Cohousing – designed for these times?
“Hardwoods throughout. Hand-painted Spanish tiling.” I read down the list of amenities for this 3-bed, 2.5-bath, $240,000 townhouse. “Installed wine cooler. Double shower. Organic farm.” Organic farm? Whoa, read again.
“Ecologically-minded, community-focused, and family-friendly, ours is an intentional community established in 2000. With 68 households, it is a real community where neighbors know each other, kids play together safely, and people and nature work together to create a peaceful habitat.”
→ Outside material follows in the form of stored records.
lemma card_less_pairs: "card {(i, j). i < j \<and> j < (t::nat)} = t choose 2"
proof (induction t)
  case (Suc t)
  have "{(i, j). i < j \<and> j < Suc t} = {(i, j). i < j \<and> j < t} \<union> (\<lambda>i. (i, t)) ` {..<t}"
    by auto
  moreover have "finite {(i, j). i < j \<and> j < (t::nat)}"
    by (rule finite_subset[of _ "{..<t} \<times> {..<t}"]) auto
  ultimately have "card {(i, j). i < j \<and> j < Suc t}
      = card {(i, j). i < j \<and> j < t} + card ((\<lambda>i. (i, t)) ` {..<t})"
    by (auto intro!: card_Un_disjoint)
  also have "card ((\<lambda>i. (i, t)) ` {..<t}) = t" by (subst card_image) (auto simp: inj_on_def)
  finally show ?case using Suc by (simp add: numeral_2_eq_2)
qed simp

lemma real_card_filter_eq_sum:
  "finite A \<Longrightarrow> real (card {x\<in>A. P x}) = (\<Sum>x\<in>A. if P x then 1 else 0)"
  by (simp add: sum.inter_filter[symmetric])

text \<open>The variance bound \<open>N (p + 4 t p 4s/m)\<close> with \<open>p = 2\<tau>/m\<^sup>2\<close> is at most \<open>\<gamma> \<delta>\<^sup>2\<close> for the
  deviation \<open>\<delta> = (\<gamma> s\<^sup>2/\<tau>) N p\<close>, where \<open>s = \<surd>W\<close>, \<open>m = |G|\<close>, \<open>\<tau> = |T|\<close> and \<open>N = C(t, 2)\<close>.\<close>

lemma sample_size_arith:
  fixes \<gamma> s m t N \<tau> :: real
  assumes "0 < \<gamma>" "\<gamma> < 1" "1 \<le> s" "0 < m" "0 < \<tau>" "\<tau> \<le> s ^ 2" "t ^ 2 / 4 \<le> N" "0 < t"
    and "100 * m / (\<gamma> ^ 3 * s) \<le> t"
  shows "N * (2 * \<tau> / m ^ 2 + 4 * t * (2 * \<tau> / m ^ 2 * (4 * s) / m))
         \<le> \<gamma> * ((\<gamma> * s ^ 2 / \<tau>) * (N * (2 * \<tau> / m ^ 2))) ^ 2"
proof -
  define v where "v = s * t / m"
  define p where "p = 2 * \<tau> / m ^ 2"
  define K where "K = \<gamma> ^ 3 * s ^ 4 * N * 2 / (\<tau> * m ^ 2)"
  have \<gamma>3: "0 < \<gamma> ^ 3" "\<gamma> ^ 3 \<le> 1" using assms(1,2) by (simp_all add: power_le_one)
  have "100 * m \<le> t * (\<gamma> ^ 3 * s)"
    using assms(3,9) \<gamma>3 by (simp add: divide_le_eq)
  then have \<gamma>v: "100 \<le> \<gamma> ^ 3 * v"
    unfolding v_def using assms(4) by (simp add: le_divide_eq algebra_simps)
  have v0: "0 < v" unfolding v_def using assms(3,4,8) by simp
  have "\<gamma> ^ 3 * v \<le> v" using \<gamma>3 v0 by (simp add: mult_le_cancel_right1)
  then have v100: "100 \<le> v" using \<gamma>v by simp
  have N0: "0 \<le> N" using assms(7) by (smt (verit) zero_le_power2 divide_nonneg_pos)
  have p0: "0 \<le> p" unfolding p_def using assms(5) by simp
  have lhs: "N * (2 * \<tau> / m ^ 2 + 4 * t * (2 * \<tau> / m ^ 2 * (4 * s) / m)) = N * p * (1 + 16 * v)"
    unfolding p_def v_def using assms(4) by (simp add: field_simps)
  have rhs: "\<gamma> * ((\<gamma> * s ^ 2 / \<tau>) * (N * (2 * \<tau> / m ^ 2))) ^ 2 = N * p * K"
    unfolding p_def K_def using assms(4,5) by (simp add: field_simps power2_eq_square eval_nat_numeral)
  have s4: "s ^ 2 \<le> s ^ 4 / \<tau>"
  proof -
    have "s ^ 2 * \<tau> \<le> s ^ 2 * s ^ 2" using assms(6) by (intro mult_left_mono) auto
    then show ?thesis using assms(5) by (simp add: le_divide_eq eval_nat_numeral algebra_simps)
  qed
  have "\<gamma> ^ 3 * v ^ 2 / 2 = \<gamma> ^ 3 * s ^ 2 * (t ^ 2 / 4) * 2 / m ^ 2"
    unfolding v_def using assms(4) by (simp add: field_simps power2_eq_square)
  also have "\<dots> \<le> \<gamma> ^ 3 * (s ^ 4 / \<tau>) * N * 2 / m ^ 2"
    using \<gamma>3 s4 assms(4,5,7) by (intro divide_right_mono mult_right_mono mult_mono mult_left_mono) auto
  also have "\<dots> = K" unfolding K_def by (simp add: field_simps)
  finally have K: "\<gamma> ^ 3 * v ^ 2 / 2 \<le> K" .
  have "100 * v \<le> (\<gamma> ^ 3 * v) * v" using \<gamma>v v0 by (intro mult_right_mono) auto
  then have "50 * v \<le> \<gamma> ^ 3 * v ^ 2 / 2" by (simp add: power2_eq_square algebra_simps)
  then have "1 + 16 * v \<le> \<gamma> ^ 3 * v ^ 2 / 2" using v100 by simp
  then have "N * p * (1 + 16 * v) \<le> N * p * K"
    using K N0 p0 by (intro mult_left_mono) auto
  then show ?thesis unfolding lhs rhs .
qed

section \<open>Wedges\<close>

lemma wedgesE:
  assumes "w \<in> wedges G"
  obtains e f where "w = {e, f}" "e \<in> G" "f \<in> G" "e \<noteq> f" "card (e \<inter> f) = 1"
  using assms unfolding wedges_def by blast

lemma wedgesI: "e \<in> G \<Longrightarrow> f \<in> G \<Longrightarrow> e \<noteq> f \<Longrightarrow> card (e \<inter> f) = 1 \<Longrightarrow> {e, f} \<in> wedges G"
  unfolding wedges_def by blast

lemma wedgesD:
  assumes "{x, y} \<in> wedges G"
  shows "x \<in> G" "y \<in> G" "x \<noteq> y" "card (x \<inter> y) = 1"
proof -
  obtain e f where ef: "{x, y} = {e, f}" "e \<in> G" "f \<in> G" "e \<noteq> f" "card (e \<inter> f) = 1"
    using assms by (rule wedgesE)
  then have "(x = e \<and> y = f) \<or> (x = f \<and> y = e)" by (simp add: doubleton_eq_iff)
  then show "x \<in> G" "y \<in> G" "x \<noteq> y" "card (x \<inter> y) = 1"
    using ef by (elim disjE; simp add: Int_commute)+
qed

lemma wedges_subset_Pow: "wedges G \<subseteq> Pow G"
  by (auto elim: wedgesE)

lemma finite_wedges: "finite G \<Longrightarrow> finite (wedges G)"
  by (rule finite_subset[OF wedges_subset_Pow]) simp

lemma nonempty_if_wedge: "T \<subseteq> wedges G \<Longrightarrow> T \<noteq> {} \<Longrightarrow> G \<noteq> {}"
  by (auto elim: wedgesE)

lemma card_ordered_wedge_pairs:
  assumes "finite T" "T \<subseteq> wedges G"
  shows "card {(a, b). {a, b} \<in> T} = 2 * card T"
proof -
  have two_orders: "card {(a, b). {a, b} = w} = 2" if "w \<in> T" for w
  proof -
    have "w \<in> wedges G" using that assms(2) by blast
    then obtain e f where w: "w = {e, f}" "e \<noteq> f" by (rule wedgesE)
    then have "{(a, b). {a, b} = w} = {(e, f), (f, e)}" by (auto simp: doubleton_eq_iff)
    then show ?thesis using w by simp
  qed
  have finite_orders: "finite {(a, b). {a, b} = w}" if "w \<in> T" for w
    using two_orders[OF that] by (intro card_ge_0_finite) simp
  have "{(a, b). {a, b} \<in> T} = (\<Union>w\<in>T. {(a, b). {a, b} = w})" by blast
  also have "card \<dots> = (\<Sum>w\<in>T. card {(a, b). {a, b} = w})"
    using assms(1) finite_orders by (intro card_UN_disjoint) auto
  also have "\<dots> = 2 * card T" using two_orders by simp
  finally show ?thesis .
qed

lemma pairs_of_star_subset_wedges:
  assumes "simple_graph G"
  shows "{Z. Z \<subseteq> {y\<in>G. u \<in> y} \<and> card Z = 2} \<subseteq> wedges G"
proof
  fix Z assume "Z \<in> {Z. Z \<subseteq> {y\<in>G. u \<in> y} \<and> card Z = 2}"
  then obtain y1 y2 where Z: "Z = {y1, y2}" "y1 \<noteq> y2" "y1 \<in> G" "y2 \<in> G" "u \<in> y1 \<inter> y2"
    by (auto simp: card_2_iff)
  have card_edges: "card y1 = 2" "card y2 = 2"
    using Z assms unfolding simple_graph_def by auto
  then have fin: "finite y1" "finite y2" by (auto intro: card_ge_0_finite)
  have "card (y1 \<inter> y2) \<le> 2" using card_edges card_mono[OF fin(1), of "y1 \<inter> y2"] by auto
  moreover have "card (y1 \<inter> y2) \<noteq> 2"
  proof
    assume "card (y1 \<inter> y2) = 2"
    then have "y1 \<inter> y2 = y1" "y1 \<inter> y2 = y2"
      using card_subset_eq[OF fin(1), of "y1 \<inter> y2"] card_subset_eq[OF fin(2), of "y1 \<inter> y2"]
        card_edges by auto
    then show False using Z by auto
  qed
  moreover have "card (y1 \<inter> y2) \<noteq> 0" using Z fin by auto
  ultimately have "card (y1 \<inter> y2) = 1" by linarith
  then show "Z \<in> wedges G" using Z by (simp add: wedgesI)
qed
This is a cohousing community. There are over 200 of them listed in the cohousing directory – far more if you include ecovillages, urban housing cooperatives, intentional living, alternative communities, cooperative living, and other arrangements. I looked through the list to see how a cohousing community, planned from the start, might provide some of the resilience and self-reliance that many of us are trying to create retroactively in our neighborhoods. For instance:
Lower heating/cooling costs Quite a few of the cohousing communities, like Ecovillage at Ithaca, NY, were built with energy conservation as a priority.
Reduced transportation fuel costs: Walkscores on six of the properties ranged from Southside Park in Sacramento at 83 (Very walkable) to Nubanusit in Peterborough, NH at 18 (Car dependent), although the latter does include office and studio space.
Increased food security: Most cohousing groups have some vegetable garden plots available, to provide “1-5% of residents’ food needs.” East Lake Commons in Atlanta includes a three-acre separately-farmed CSA (“6-20%”).
Access to jobs: Many cohousing communities lie in urban settings with a surprising number, like Delaware Street Commons in Lawrence, KS, in college towns, a bonus for job security.
Shared costs and skills: With maintenance and yard work often done by the community, weekly community meals, an emphasis on childcaring and eldercaring, a community workshop and playground, the chance to share transportation, and unusually neighborly neighbors, I can imagine cost savings left and right.
Check the cohousing and intentional community directories. Some regions offer multi-community tours. Cohousing is not for everyone. But with economic, environmental, and social pressures building, members of these communities are in a better position than most of us to navigate financial and lifestyle dangers.